Connection Termination A connection may be terminated by the client sending the VIOS an SRP_I_LOGOUT Information Unit. The VIOS may send the client an SRP_T_LOGOUT Information Unit, but only if the client has provided resources for this by sending the MAD EMPTY IU first. In the current implementation, neither is used and the drivers just call H_FREE_CRQ to terminate the connection. A connection may also be terminated by the abnormal termination of a partition. When a partition crashes, the Hypervisor invalidates all of the memory mappings for that partition and places a Transport Event in the CRQ of the partner. If the partition that crashed was a client with requests active on the VIOS, when the storage drivers attempt to service those “in flight” requests, they find that the DMA mappings associated with the requests are no longer valid and usually will log one or more errors to that effect. When a partition calls H_FREE_CRQ or crashes, the Hypervisor notifies the partner partition by placing a Transport Event in the partner’s CRQ. The first byte of the Transport Event is set to 0xFF, to indicate that this is a Transport Event. The second byte describes the event. A value of 0x01 indicates that the partner partition failed (crashed). A value of 0x02 indicates that the partner partition called H_FREE_CRQ. A value of 0x06 indicates to a client that it has been migrated. Only clients that send the MAD_CAPABILITIES message are candidates for being migrated. A VIOS cannot be migrated. When a partition receives a Transport Event, it is not required to close its CRQ. It may instead just wait for an Initialization message from the partner partition when it is ready to communicate again.

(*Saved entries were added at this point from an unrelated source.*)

lemma normalizer_im_f_conjugate:
  assumes \<pi>: "\<pi> \<in> normalizer (BijGroup (grid m a)) (im_f m a)" and \<tau>: "\<tau> \<in> Bij {1..m}"
  obtains \<tau>' where "\<And>i j. i \<in> {1..m} \<Longrightarrow> j \<in> {1..a} \<Longrightarrow> \<pi> (\<tau> i, j) = apfst \<tau>' (\<pi> (i, j))"
proof -
  interpret group "BijGroup (grid m a)"
    by (rule group_BijGroup)
  have \<pi>_Bij: "\<pi> \<in> Bij (grid m a)"
    by (rule normalizer_im_f_Bij[OF \<pi>])
  have "embed_f m a \<tau> \<in> im_f m a"
    using \<tau> by (simp add: im_f_def carrier_BijGroup)
  then obtain \<phi> where "\<phi> \<in> im_f m a"
    and conj: "\<pi> \<otimes>\<^bsub>BijGroup (grid m a)\<^esub> embed_f m a \<tau> = \<phi> \<otimes>\<^bsub>BijGroup (grid m a)\<^esub> \<pi>"
    by (rule normalizer_conj[OF subgroup.subset[OF subgroup_im_f] \<pi>])
  then obtain \<tau>' where \<tau>': "\<tau>' \<in> Bij {1..m}" and \<phi>: "\<phi> = embed_f m a \<tau>'"
    by (auto simp: im_f_def carrier_BijGroup)
  show thesis
  proof (rule that[of \<tau>'])
    fix i j assume ij: "i \<in> {1..m}" "j \<in> {1..a}"
    then have "(i, j) \<in> grid m a"
      by (simp add: grid_def)
    then have "\<pi> (embed_f m a \<tau> (i, j)) = embed_f m a \<tau>' (\<pi> (i, j))"
      using fun_cong[OF conj, of "(i, j)"] \<pi>_Bij embed_f_Bij[OF \<tau>] embed_f_Bij[OF \<tau>']
      by (simp add: \<phi> BijGroup_mult_apply)
    moreover have "\<pi> (i, j) \<in> grid m a"
      using \<pi>_Bij \<open>(i, j) \<in> grid m a\<close> Bij_imp_funcset by blast
    ultimately show "\<pi> (\<tau> i, j) = apfst \<tau>' (\<pi> (i, j))"
      using ij by (cases "\<pi> (i, j)") (simp add: grid_def)
  qed
qed

lemma normalizer_im_f_decompose:
  assumes \<pi>: "\<pi> \<in> normalizer (BijGroup (grid m a)) (im_f m a)" and "1 \<le> m"
  obtains \<sigma> \<rho> where "\<sigma> \<in> Bij {1..a}" "\<And>j. j \<in> {1..a} \<Longrightarrow> bij_betw (\<rho> j) {1..m} {1..m}"
    "\<And>i j. i \<in> {1..m} \<Longrightarrow> j \<in> {1..a} \<Longrightarrow> \<pi> (i, j) = (\<rho> j i, \<sigma> j)"
proof -
  have \<pi>_bij: "bij_betw \<pi> ({1..m} \<times> {1..a}) ({1..m} \<times> {1..a})"
    using normalizer_im_f_Bij[OF \<pi>] by (simp add: Bij_def grid_def)
  have same_fibre: "snd (\<pi> (i, j)) = snd (\<pi> (i', j))"
    if ij: "i \<in> {1..m}" "i' \<in> {1..m}" "j \<in> {1..a}" for i i' j
  proof -
    obtain \<tau>' where "\<pi> (restrict (transpose i i') {1..m} i, j) = apfst \<tau>' (\<pi> (i, j))"
      using normalizer_im_f_conjugate[OF \<pi> transpose_in_Bij[OF ij(1,2)]] ij by metis
    then show ?thesis
      using ij(1) by simp
  qed
  define \<sigma> where "\<sigma> = restrict (\<lambda>j. snd (\<pi> (1, j))) {1..a}"
  define \<rho> where "\<rho> j i = fst (\<pi> (i, j))" for j i
  show thesis
  proof (rule that[of \<sigma> \<rho>])
    show "\<sigma> \<in> Bij {1..a}"
      unfolding \<sigma>_def using \<open>1 \<le> m\<close>
      by (intro restrict_in_Bij bij_betw_snd_fibre[OF \<pi>_bij _ _ same_fibre]) simp_all
    show "bij_betw (\<rho> j) {1..m} {1..m}" if "j \<in> {1..a}" for j
      unfolding \<rho>_def using that by (intro bij_betw_fst_fibre[OF \<pi>_bij _ _ same_fibre]) simp_all
    show "\<pi> (i, j) = (\<rho> j i, \<sigma> j)" if "i \<in> {1..m}" "j \<in> {1..a}" for i j
      using same_fibre[of 1 i j] that \<open>1 \<le> m\<close> by (simp add: \<rho>_def \<sigma>_def prod_eq_iff)
  qed
qed
(* Let $\mathbb{K}$ be a field, $n>1$, $a=\sum_{j=0}^d c_j s^j\in\mathbb{K}[s]^n$ a non-zero row vector of degree $d$, and $A\in\mathbb{K}^{(2d+1)\times n(d+1)}$ the matrix whose $(i,\,kn+r)$ entry ($1\le i\le 2d+1$, $0\le k\le d$, $1\le r\le n$) is the $r$-th entry of $c_{i-1-k}$ (zero if $i-1-k\notin\{0,\dots,d\}$). With $\tilde q$ and $b_r$ as in the context, $\mathrm{syz}(a)=\langle b_r^\flat\mid r\in\tilde q\rangle_{\mathbb{K}[s]}$.
   Context: A column of a matrix is pivotal if it is either the first column and non-zero, or linearly independent of all previous columns; otherwise non-pivotal. $p$ is the set of pivotal indices of $A$, $q$ the set of non-pivotal indices, and $\tilde q=\{\min\varrho\mid\varrho\in q/(n)\}$ the set of basic non-pivotal indices (minimal elements of the classes of $q$ modulo $n$). For $i\in q$ write uniquely $A_{*i}=\sum_{\{j\in p\mid j<i\}}\alpha^{(i)}_jA_{*j}$ ($A_{*j}$ the $j$-th column) and set $b_i=e_i-\sum_{\{j\in p\mid j<i\}}\alpha^{(i)}_je_j\in\mathbb{K}^{n(d+1)}$, $e_i$ the standard basis vectors. For $v\in\mathbb{K}^{n(d+1)}$ in blocks $v=[w_0;\dots;w_d]$ with $w_i\in\mathbb{K}^n$, $v^\flat=\sum_{i=0}^d s^i w_i\in\mathbb{K}[s]^n$. $\mathrm{syz}(a)=\{h\in\mathbb{K}[s]^n\mid a\,h=0\}$. *)

theory Defs
  imports "HOL-Computational_Algebra.Polynomial"
begin

text \<open>Conventions: a row vector in K[s]^n is a function nat => 'a poly whose entries
  at indices 0..n-1 are the components (indices are 0-based). Matrices are functions
  nat => nat => 'a (row, column), 0-based. Column index k*n + r (0 <= r < n) of the
  paper's matrix A (1-based: kn+r+1) corresponds to coefficient c_{i-k} of entry r.\<close>

definition vdegree :: "nat \<Rightarrow> (nat \<Rightarrow> 'a::zero poly) \<Rightarrow> nat" where
  "vdegree n a = Max ((\<lambda>r. degree (a r)) ` {..<n})"

text \<open>The matrix A (rows 0..2d, columns 0..n(d+1)-1); row i here is row i+1 of the paper.\<close>
definition coeff_mat :: "nat \<Rightarrow> nat \<Rightarrow> (nat \<Rightarrow> 'a::zero poly) \<Rightarrow> nat \<Rightarrow> nat \<Rightarrow> 'a" where
  "coeff_mat n d a i m =
     (let k = m div n; r = m mod n in
      if k \<le> i \<and> i - k \<le> d then coeff (a r) (i - k) else 0)"

definition in_col_span :: "nat \<Rightarrow> (nat \<Rightarrow> nat \<Rightarrow> 'a::field) \<Rightarrow> nat set \<Rightarrow> nat \<Rightarrow> bool" where
  "in_col_span R M S j \<longleftrightarrow> (\<exists>\<beta>. \<forall>i<R. M i j = (\<Sum>l\<in>S. \<beta> l * M i l))"

text \<open>Pivotal column: linearly independent of all previous columns
  (for j = 0: nonzero, since the empty span is {0}).\<close>
definition pivotal :: "nat \<Rightarrow> (nat \<Rightarrow> nat \<Rightarrow> 'a::field) \<Rightarrow> nat \<Rightarrow> bool" where
  "pivotal R M j \<longleftrightarrow> \<not> in_col_span R M {..<j} j"

definition piv_set :: "nat \<Rightarrow> nat \<Rightarrow> (nat \<Rightarrow> nat \<Rightarrow> 'a::field) \<Rightarrow> nat set" where
  "piv_set R N M = {j. j < N \<and> pivotal R M j}"

definition nonpiv_set :: "nat \<Rightarrow> nat \<Rightarrow> (nat \<Rightarrow> nat \<Rightarrow> 'a::field) \<Rightarrow> nat set" where
  "nonpiv_set R N M = {j. j < N \<and> \<not> pivotal R M j}"

definition basic_nonpiv :: "nat \<Rightarrow> nat set \<Rightarrow> nat set" where
  "basic_nonpiv n q = (\<lambda>i. Min {j \<in> q. j mod n = i mod n}) ` q"

definition alpha :: "nat \<Rightarrow> (nat \<Rightarrow> nat \<Rightarrow> 'a::field) \<Rightarrow> nat set \<Rightarrow> nat \<Rightarrow> nat \<Rightarrow> 'a" where
  "alpha R M p i = (THE \<beta>. (\<forall>i'<R. M i' i = (\<Sum>j\<in>{j\<in>p. j < i}. \<beta> j * M i' j))
                        \<and> (\<forall>j. j \<notin> {j\<in>p. j < i} \<longrightarrow> \<beta> j = 0))"

definition bvec :: "nat \<Rightarrow> (nat \<Rightarrow> nat \<Rightarrow> 'a::field) \<Rightarrow> nat set \<Rightarrow> nat \<Rightarrow> nat \<Rightarrow> 'a" where
  "bvec R M p i = (\<lambda>m. (if m = i then 1 else 0)
                        - (\<Sum>j\<in>{j\<in>p. j < i}. alpha R M p i j * (if m = j then 1 else 0)))"

definition flat :: "nat \<Rightarrow> nat \<Rightarrow> (nat \<Rightarrow> 'a::comm_semiring_1) \<Rightarrow> nat \<Rightarrow> 'a poly" where
  "flat n d v = (\<lambda>r. if r < n then (\<Sum>k\<le>d. monom (v (k * n + r)) k) else 0)"

definition syz :: "nat \<Rightarrow> (nat \<Rightarrow> 'a::comm_ring_1 poly) \<Rightarrow> (nat \<Rightarrow> 'a poly) set" where
  "syz n a = {h. (\<forall>r\<ge>n. h r = 0) \<and> (\<Sum>r<n. a r * h r) = 0}"

definition poly_span :: "'i set \<Rightarrow> ('i \<Rightarrow> nat \<Rightarrow> 'a::comm_ring_1 poly) \<Rightarrow> (nat \<Rightarrow> 'a poly) set" where
  "poly_span I g = {h. \<exists>f. h = (\<lambda>r. \<Sum>i\<in>I. f i * g i r)}"

end

theory Submission
  imports Defs
begin

text \<open>Multiplication by \<open>a\<close> sends the coefficient vector \<open>v\<close> of a polynomial vector of
  degree at most \<open>d\<close> to the coefficient vector \<open>A v\<close> of \<open>a v\<^sup>\<flat>\<close>, so the syzygies of
  degree at most \<open>d\<close> are the flats of the kernel of \<open>A\<close>. Every \<open>b\<^sub>i\<close> lies in this kernel,
  and the last nonzero coordinate of a kernel vector is a non-pivotal index \<open>B\<close>; writing
  \<open>B = i + t n\<close> with \<open>i\<close> basic, a multiple of \<open>s\<^sup>t b\<^sub>i\<^sup>\<flat>\<close> cancels that coordinate, so every
  syzygy of degree at most \<open>d\<close> is reduced to zero. A general syzygy \<open>h\<close> is brought into
  degree at most \<open>d\<close> by subtracting multiples of the Koszul syzygies
  \<open>a\<^sub>t e\<^sub>i - a\<^sub>i e\<^sub>t\<close>, where \<open>a\<^sub>t\<close> has maximal degree: division by \<open>a\<^sub>t\<close> bounds the
  components other than \<open>h\<^sub>t\<close>, and then the relation \<open>a h = 0\<close> bounds \<open>h\<^sub>t\<close>.\<close>

lemma in_col_span_column:
  assumes "finite T" "l \<in> T"
  shows "in_col_span R M T l"
  unfolding in_col_span_def
  by (rule exI[of _ "\<lambda>k. of_bool (k = l)"]) (simp add: assms)

lemma in_col_span_trans:
  assumes "finite S" and S: "\<forall>l\<in>S. in_col_span R M T l" and j: "in_col_span R M S j"
  shows "in_col_span R M T j"
proof -
  obtain \<gamma> where \<gamma>: "\<forall>l\<in>S. \<forall>m<R. M m l = (\<Sum>k\<in>T. \<gamma> l k * M m k)"
    using S unfolding in_col_span_def by (subst (asm) bchoice_iff) blast
  obtain \<beta> where \<beta>: "\<forall>m<R. M m j = (\<Sum>l\<in>S. \<beta> l * M m l)"
    using j unfolding in_col_span_def by blast
  show ?thesis
    unfolding in_col_span_def
  proof (intro exI[of _ "\<lambda>k. \<Sum>l\<in>S. \<beta> l * \<gamma> l k"] allI impI)
    fix m assume "m < R"
    then have "M m j = (\<Sum>l\<in>S. \<beta> l * (\<Sum>k\<in>T. \<gamma> l k * M m k))"
      using \<beta> \<gamma> by simp
    also have "\<dots> = (\<Sum>k\<in>T. (\<Sum>l\<in>S. \<beta> l * \<gamma> l k) * M m k)"
      by (simp add: sum_distrib_left sum_distrib_right mult.assoc sum.swap[of _ S])
    finally show "M m j = (\<Sum>k\<in>T. (\<Sum>l\<in>S. \<beta> l * \<gamma> l k) * M m k)" .
  qed
qed

lemma nonpivotal_in_col_span_pivotal:
  "\<not> pivotal R M i \<Longrightarrow> in_col_span R M {j. pivotal R M j \<and> j < i} i"
proof (induction i rule: less_induct)
  case (less i)
  have fin: "finite {j. pivotal R M j \<and> j < k}" for k
    by (rule finite_subset[of _ "{..<k}"]) auto
  have "\<forall>l\<in>{..<i}. in_col_span R M {j. pivotal R M j \<and> j < i} l"
  proof
    fix l assume "l \<in> {..<i}"
    then have "l < i" by simp
    show "in_col_span R M {j. pivotal R M j \<and> j < i} l"
    proof (cases "pivotal R M l")
      case True
      then show ?thesis using \<open>l < i\<close> by (intro in_col_span_column[OF fin]) simp
    next
      case False
      have "\<forall>k\<in>{j. pivotal R M j \<and> j < l}. in_col_span R M {j. pivotal R M j \<and> j < i} k"
        using \<open>l < i\<close> by (auto intro!: in_col_span_column[OF fin])
      moreover have "in_col_span R M {j. pivotal R M j \<and> j < l} l"
        using less.IH[OF \<open>l < i\<close> False] .
      ultimately show ?thesis by (rule in_col_span_trans[OF fin])
    qed
  qed
  moreover have "in_col_span R M {..<i} i"
    using less.prems unfolding pivotal_def by simp
  ultimately show ?case by (rule in_col_span_trans[OF finite_lessThan])
qed
lemma (in prob_space) has_bochner_integral_relu_power_normal:
  assumes "0 < \<sigma>" "distributed M lborel Z (normal_density 0 \<sigma>)" "0 < q"
  shows "has_bochner_integral M (\<lambda>\<omega>. relu (Z \<omega>) ^ (2 * q)) (fact (2 * q) / ((2 / \<sigma>\<^sup>2) ^ q * fact q) / 2)"
proof (rule has_bochner_integral_nn_integral)
  have [measurable]: "Z \<in> borel_measurable M"
    using distributed_measurable[OF assms(2)] by simp
  show "(\<lambda>\<omega>. relu (Z \<omega>) ^ (2 * q)) \<in> borel_measurable M"
    by measurable
  have "(\<integral>\<^sup>+\<omega>. relu (Z \<omega>) ^ (2 * q) \<partial>M)
      = (\<integral>\<^sup>+x. ennreal (normal_density 0 \<sigma> x) * ennreal (relu x ^ (2 * q)) \<partial>lborel)"
    using assms(2) by (subst distributed_nn_integral[symmetric]) auto
  also have "\<dots> = ennreal (fact (2 * q) / ((2 / \<sigma>\<^sup>2) ^ q * fact q) / 2)"
    using nn_integral_normal_density_relu_power[OF assms(1,3)]
    by (simp add: ennreal_mult'[symmetric] relu_nonneg)
  finally show "(\<integral>\<^sup>+\<omega>. relu (Z \<omega>) ^ (2 * q) \<partial>M) = ennreal (fact (2 * q) / ((2 / \<sigma>\<^sup>2) ^ q * fact q) / 2)" .
qed (simp_all add: relu_nonneg)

Client Migration When a client receives the migrated Transport Event, it must unmap any memory associated with any requests currently active on the VIOS. The client will never receive any completions for those requests and must remap and restart them at the end of the migration. Then the client must call H_ENABLE_CRQ until it returns H_SUCCESS. When the CRQ has been successfully enabled, the client sends the Initialization message and waits for the Initialization Complete message. It then goes through the rest of the connection establishment process, followed by the SRP login. After the VIOS sends the SRP Login response, the client may resume normal data transfers, starting with any requests that may have been active on the VIOS when the client was migrated. Note that the partition identification information that the client sends in the MAD_ADAPTER_INFO message immediately after the migration event may be stale and reflect the identification of the original client partition before the migration. A client may register for DLPAR notification of migration, use that notification to obtain the current partition identification, and send another MAD_ADAPTER_INFO message to the VIOS with the correct information.
VSCSI Message Formats All virtual scsi communications between client and server occurs using the Reliable Command/Response Transport and Logical Remote DMA functions defined earlier in this document. No other channels of communication are required to perform virtual SCSI functions. These communications are made up of three classes of messages: Messages contained entirely within a single CRQ message SRP requests and responses, as defined by the SRP standard Management Datagrams
CRQ Message formats CRQ messages are 16 bytes (128 bits) in length. Only the first byte is architected by the Reliable Command/Response Transport specification described earlier in this document. That specification is repeated in . First Byte of the CRQ Message Value Description 0x00 Element is unused -- all other bytes in the element are undefined 0x01 - 0x7F Reserved 0x80 Valid Command/Response Entry -- the second byte defines the entry format 0x81-0xFE Reserved 0xFF Valid Transport Event -- the second byte defines the specific transport event
If the first byte of a CRQ message is 0x80, then it is a valid Command/Response entry and the second byte describes the format of message. Possible values for the second byte of the CRQ message when the first byte is 0x80 are shown in . Second Byte of the CRQ Message Format Byte Value Definition 0x00 Unused 0x01 VSCSI SRP format 0x02 Management Datagram (MAD) format 0x03 i5os private format 0x04 AIX private format 0x05 Linux private format 0x06 Message in CRQ format 0x07 - 0xFF Reserved
If the format byte is 0x01, then the rest of the message is a vscsi SRP request or response message. The rest of the CRQ contents for this type of message is shown in , for messages from the clients, and , for messages from the VIOS. Messages with a format byte of 0x02 are Management Datagram messages, defined later in this chapter. Messages formats of 0x03, 0x04, and 0x05 are reserved for private, Operating System-specific messages, and are currently unused by this implementation. Messages with a format byte of 0x06 are messages contained entirely within the CRQ.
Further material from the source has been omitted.